Write out only the opening lines of the entries, through the line with "(absr n \<rho>)) |".

[MATERIAL FOR THIS TASK Boundary: Start]

definition valid_dpoly :: "nat \<Rightarrow> dpoly \<Rightarrow> bool" where
  "valid_dpoly n P \<longleftrightarrow> finite {\<rho>. nz (P \<rho>)}
     \<and> (\<forall>\<rho>. gps (P \<rho>))
     \<and> (\<forall>\<rho>. nz (P \<rho>) \<longrightarrow> (\<forall>\<kappa>>n. \<rho> \<kappa> = 0))"

definition dpoly_nonzero :: "dpoly \<Rightarrow> bool" where
  "dpoly_nonzero P \<longleftrightarrow> (\<exists>\<rho>. nz (P \<rho>))"

definition absr :: "nat \<Rightarrow> (nat \<Rightarrow> nat) \<Rightarrow> nat" where
  "absr n \<rho> = (\<Sum>\<kappa>\<le>n. \<rho> \<kappa>)"

definition omg :: "nat \<Rightarrow> (nat \<Rightarrow> nat) \<Rightarrow> nat" where
  "omg n \<rho> = (\<Sum>\<kappa>\<le>n. \<kappa> * \<rho> \<kappa>)"

definition Trho :: "dop \<Rightarrow> nat \<Rightarrow> (nat \<Rightarrow> nat) \<Rightarrow> complex \<Rightarrow> complex" where
  "Trho D n \<rho> T = (\<Prod>\<kappa>\<le>n. (Te D \<kappa> T) ^ (\<rho> \<kappa>))"

definition pcoef :: "dop \<Rightarrow> nat \<Rightarrow> dpoly \<Rightarrow> real \<Rightarrow> (nat \<Rightarrow> nat) \<Rightarrow> complex" where
  "pcoef D n P \<alpha> \<rho> = P \<rho> (\<alpha> + deps D * real (omg n \<rho>))"

text \<open>Full substitution P[s] = P(s+y_0, s'+y_1, ..., s^(n)+y_n), expanded binomially:
coefficient of y^sigma is sum_rho P_rho * prod_kappa binom(rho_k, sigma_k) (s^(k))^(rho_k - sigma_k).\<close>
definition subst :: "dop \<Rightarrow> nat \<Rightarrow> dpoly \<Rightarrow> gser \<Rightarrow> dpoly" where
  "subst D n P s = (\<lambda>\<sigma>. if (\<forall>\<kappa>>n. \<sigma> \<kappa> = 0) then
      (\<lambda>\<mu>. \<Sum>\<rho>\<in>{\<rho>. nz (P \<rho>)}.
         gmult (P \<rho>)
           (foldr (\<lambda>\<kappa> acc. gmult
                (\<lambda>\<nu>. of_nat (\<rho> \<kappa> choose \<sigma> \<kappa>) * gpow (dnth D \<kappa> s) (\<rho> \<kappa> - \<sigma> \<kappa>) \<nu>) acc)
              [0..<Suc n] gone) \<mu>)
    else (\<lambda>\<mu>. 0))"

definition cloud :: "dop \<Rightarrow> nat \<Rightarrow> dpoly \<Rightarrow> (real \<times> real) set" where
  "cloud D n P = {(\<alpha>, real (absr n \<rho>)) | \<alpha> \<rho>. pcoef D n P \<alpha> \<rho> \<noteq> 0}"

definition newton :: "dop \<Rightarrow> nat \<Rightarrow> dpoly \<Rightarrow> (real \<times> real) set" where
  "newton D n P = convex hull (\<Union>V\<in>cloud D n P. {V + (t, 0) | t. t \<ge> 0})"

text \<open>alpha_0 of the supporting line L_mu(P) = {mu*h + alpha = alpha_0}\<close>
definition Lval :: "dop \<Rightarrow> nat \<Rightarrow> dpoly \<Rightarrow> real \<Rightarrow> real" where
  "Lval D n P \<mu> = Inf ((\<lambda>(\<alpha>, h). \<mu> * h + \<alpha>) ` newton D n P)"

definition Eset :: "dop \<Rightarrow> nat \<Rightarrow> dpoly \<Rightarrow> real \<Rightarrow> (real \<times> real) set" where
  "Eset D n P \<mu> = {(\<alpha>, h) \<in> newton D n P. \<mu> * h + \<alpha> = Lval D n P \<mu>}"

definition charpoly :: "dop \<Rightarrow> nat \<Rightarrow> dpoly \<Rightarrow> real \<Rightarrow> complex \<Rightarrow> complex" where
  "charpoly D n P \<mu> C =
     (\<Sum>(\<alpha>, \<rho>)\<in>{(\<alpha>, \<rho>). (\<alpha>, real (absr n \<rho>)) \<in> Eset D n P \<mu> \<and> pcoef D n P \<alpha> \<rho> \<noteq> 0}.
        pcoef D n P \<alpha> \<rho> * Trho D n \<rho> (brk D \<mu>) * C ^ (absr n \<rho>))"

fun Pseq :: "dop \<Rightarrow> nat \<Rightarrow> dpoly \<Rightarrow> (nat \<Rightarrow> complex) \<Rightarrow> (nat \<Rightarrow> real) \<Rightarrow> nat \<Rightarrow> dpoly" where
  "Pseq D n P c \<nu> 0 = P"
| "Pseq D n P c \<nu> (Suc i) = subst D n (Pseq D n P c \<nu> i) (gmono (c i) (\<nu> i))"

definition admissible :: "dop \<Rightarrow> nat \<Rightarrow> dpoly \<Rightarrow> nat \<Rightarrow> (nat \<Rightarrow> complex) \<Rightarrow> (nat \<Rightarrow> real) \<Rightarrow> bool" where
  "admissible D n P k c \<nu> \<longleftrightarrow> (\<forall>i\<le>k. charpoly D n (Pseq D n P c \<nu> i) (\<nu> i) (c i) = 0)"

end

theory Submission
  imports Defs
begin

text \<open>Substituting c x^e into R replaces each term y^\<rho> by terms y^\<sigma> with \<sigma> \<le> \<rho>, moving
  the cloud point (\<alpha>, |\<rho>|) to (\<alpha> + e(|\<rho>| - |\<sigma>|), |\<sigma>|) along a line of slope e.
  Hence L_e(R[c x^e]) = L_e(R), and the coefficient at the foot of this line on the axis
  h = 0 becomes \<Phi>_(R;e)(c).  If that coefficient is nonzero, the foot is a vertex of the
  Newton polygon which later substitutions with larger exponents neither move nor change,
  and which lies on every L_\<mu> with \<mu> \<ge> e.  So r is admissible iff the coefficient at the
  foot of L_\<nu>_k(Q) vanishes, i.e. iff E_\<nu>_k(Q) has no point of height 0; as cloud heights
  are integers, this means that all its points have height at least 1.\<close>

lemma gmult_gmono_left: "gmult (gmono a e) g = (\<lambda>\<mu>. a * g (\<mu> - e))"
proof
  fix \<mu>
  have "{x. gmono a e x \<noteq> 0 \<and> g (\<mu> - x) \<noteq> 0} = (if a \<noteq> 0 \<and> g (\<mu> - e) \<noteq> 0 then {e} else {})"
    by (auto simp: gmono_def)
  then show "gmult (gmono a e) g \<mu> = a * g (\<mu> - e)"
    by (auto simp: gmult_def gmono_def)
qed

lemma gmult_gmono_right: "gmult f (gmono b e) = (\<lambda>\<mu>. b * f (\<mu> - e))"
proof
  fix \<mu>
  have "{x. f x \<noteq> 0 \<and> gmono b e (\<mu> - x) \<noteq> 0} = (if b \<noteq> 0 \<and> f (\<mu> - e) \<noteq> 0 then {\<mu> - e} else {})"
    by (auto simp: gmono_def)
  then show "gmult f (gmono b e) \<mu> = b * f (\<mu> - e)"
    by (auto simp: gmult_def gmono_def)
qed

lemma gone_eq_gmono: "gone = gmono 1 0"
  by (simp add: gone_def gmono_def)

lemma gmult_gmono_gmono: "gmult (gmono a e) (gmono b f) = gmono (a * b) (e + f)"
  unfolding gmult_gmono_left by (auto simp: fun_eq_iff gmono_def)

lemma gpow_gmono: "gpow (gmono a e) j = gmono (a ^ j) (real j * e)"
  by (induction j) (simp_all add: gone_eq_gmono gmult_gmono_gmono algebra_simps)

lemma dapp_gmono: "dapp D (gmono a e) = gmono (a * brk D e) (e - deps D)"
  by (cases D) (auto simp: fun_eq_iff gmono_def)

lemma dnth_gmono: "dnth D \<kappa> (gmono c e) = gmono (c * Te D \<kappa> (brk D e)) (e - deps D * real \<kappa>)"
proof (induction \<kappa>)
  case 0
  then show ?case
    by (cases D) (simp_all add: dnth_def)
next
  case (Suc \<kappa>)
  have "dnth D (Suc \<kappa>) (gmono c e) = dapp D (dnth D \<kappa> (gmono c e))"
    by (simp add: dnth_def)
  also have "\<dots> = gmono (c * Te D \<kappa> (brk D e) * brk D (e - deps D * real \<kappa>))
                          (e - deps D * real \<kappa> - deps D)"
    using Suc by (simp add: dapp_gmono)
  also have "\<dots> = gmono (c * Te D (Suc \<kappa>) (brk D e)) (e - deps D * real (Suc \<kappa>))"
    by (cases D) (simp_all add: algebra_simps qpow_def)
  finally show ?case .
qed

lemma foldr_gmult_gmono:
  "foldr (\<lambda>\<kappa> acc. gmult (gmono (A \<kappa>) (E \<kappa>)) acc) xs gone
     = gmono (\<Prod>\<kappa>\<leftarrow>xs. A \<kappa>) (\<Sum>\<kappa>\<leftarrow>xs. E \<kappa>)"
  by (induction xs) (simp_all add: gone_eq_gmono gmult_gmono_gmono)

lemma absr_zero [simp]: "absr n (\<lambda>_. 0) = 0"
  by (simp add: absr_def)

lemma absr_mono: "\<forall>\<kappa>\<le>n. \<sigma> \<kappa> \<le> \<rho> \<kappa> \<Longrightarrow> absr n \<sigma> \<le> absr n \<rho>"
  unfolding absr_def by (intro sum_mono) simp

lemma absr_strict_mono:
  assumes "\<forall>\<kappa>\<le>n. \<sigma> \<kappa> \<le> \<rho> \<kappa>" "\<forall>\<kappa>>n. \<sigma> \<kappa> = 0" "\<forall>\<kappa>>n. \<rho> \<kappa> = 0" "\<sigma> \<noteq> \<rho>"
  shows "absr n \<sigma> < absr n \<rho>"
proof -
  obtain \<kappa> where "\<sigma> \<kappa> \<noteq> \<rho> \<kappa>"
    using assms(4) by blast
  moreover from this have "\<kappa> \<le> n"
    using assms(2,3) not_le by metis
  ultimately have "\<kappa> \<in> {..n}" "\<sigma> \<kappa> < \<rho> \<kappa>"
    using assms(1) by auto
  then show ?thesis
    unfolding absr_def using assms(1) by (intro sum_strict_mono_ex1) auto
qed

lemma absr_eq_0_imp_zero:
  assumes "valid_dpoly n R" "nz (R \<rho>)" "absr n \<rho> = 0"
  shows "\<rho> = (\<lambda>_. 0)"
proof
  fix \<kappa>
  show "\<rho> \<kappa> = 0"
  proof (cases "\<kappa> \<le> n")
    case True
    then show ?thesis
      using assms(3) unfolding absr_def by simp
  next
    case False
    then show ?thesis
      using assms(1,2) unfolding valid_dpoly_def by simp
  qed
qed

[MATERIAL FOR THIS TASK Boundary: End]

*REPLY*
definition valid_dpoly :: "nat \<Rightarrow> dpoly \<Rightarrow> bool" where
  "valid_dpoly n P \<longleftrightarrow> finite {\<rho>. nz (P \<rho>)}
     \<and> (\<forall>\<rho>. gps (P \<rho>))
     \<and> (\<forall>\<rho>. nz (P \<rho>) \<longrightarrow> (\<forall>\<kappa>>n. \<rho> \<kappa> = 0))"

definition dpoly_nonzero :: "dpoly \<Rightarrow> bool" where
  "dpoly_nonzero P \<longleftrightarrow> (\<exists>\<rho>. nz (P \<rho>))"

definition absr :: "nat \<Rightarrow> (nat \<Rightarrow> nat) \<Rightarrow> nat" where
  "absr n \<rho> = (\<Sum>\<kappa>\<le>n. \<rho> \<kappa>)"

definition omg :: "nat \<Rightarrow> (nat \<Rightarrow> nat) \<Rightarrow> nat" where
  "omg n \<rho> = (\<Sum>\<kappa>\<le>n. \<kappa> * \<rho> \<kappa>)"

definition Trho :: "dop \<Rightarrow> nat \<Rightarrow> (nat \<Rightarrow> nat) \<Rightarrow> complex \<Rightarrow> complex" where
  "Trho D n \<rho> T = (\<Prod>\<kappa>\<le>n. (Te D \<kappa> T) ^ (\<rho> \<kappa>))"

definition pcoef :: "dop \<Rightarrow> nat \<Rightarrow> dpoly \<Rightarrow> real \<Rightarrow> (nat \<Rightarrow> nat) \<Rightarrow> complex" where
  "pcoef D n P \<alpha> \<rho> = P \<rho> (\<alpha> + deps D * real (omg n \<rho>))"

text \<open>Full substitution P[s] = P(s+y_0, s'+y_1, ..., s^(n)+y_n), expanded binomially:
coefficient of y^sigma is sum_rho P_rho * prod_kappa binom(rho_k, sigma_k) (s^(k))^(rho_k - sigma_k).\<close>
definition subst :: "dop \<Rightarrow> nat \<Rightarrow> dpoly \<Rightarrow> gser \<Rightarrow> dpoly" where
  "subst D n P s = (\<lambda>\<sigma>. if (\<forall>\<kappa>>n. \<sigma> \<kappa> = 0) then
      (\<lambda>\<mu>. \<Sum>\<rho>\<in>{\<rho>. nz (P \<rho>)}.
         gmult (P \<rho>)
           (foldr (\<lambda>\<kappa> acc. gmult
                (\<lambda>\<nu>. of_nat (\<rho> \<kappa> choose \<sigma> \<kappa>) * gpow (dnth D \<kappa> s) (\<rho> \<kappa> - \<sigma> \<kappa>) \<nu>) acc)
              [0..<Suc n] gone) \<mu>)
    else (\<lambda>\<mu>. 0))"

definition cloud :: "dop \<Rightarrow> nat \<Rightarrow> dpoly \<Rightarrow> (real \<times> real) set" where
  "cloud D n P = {(\<alpha>, real (absr n \<rho>)) | \<alpha> \<rho>. pcoef D n P \<alpha> \<rho> \<noteq> 0}"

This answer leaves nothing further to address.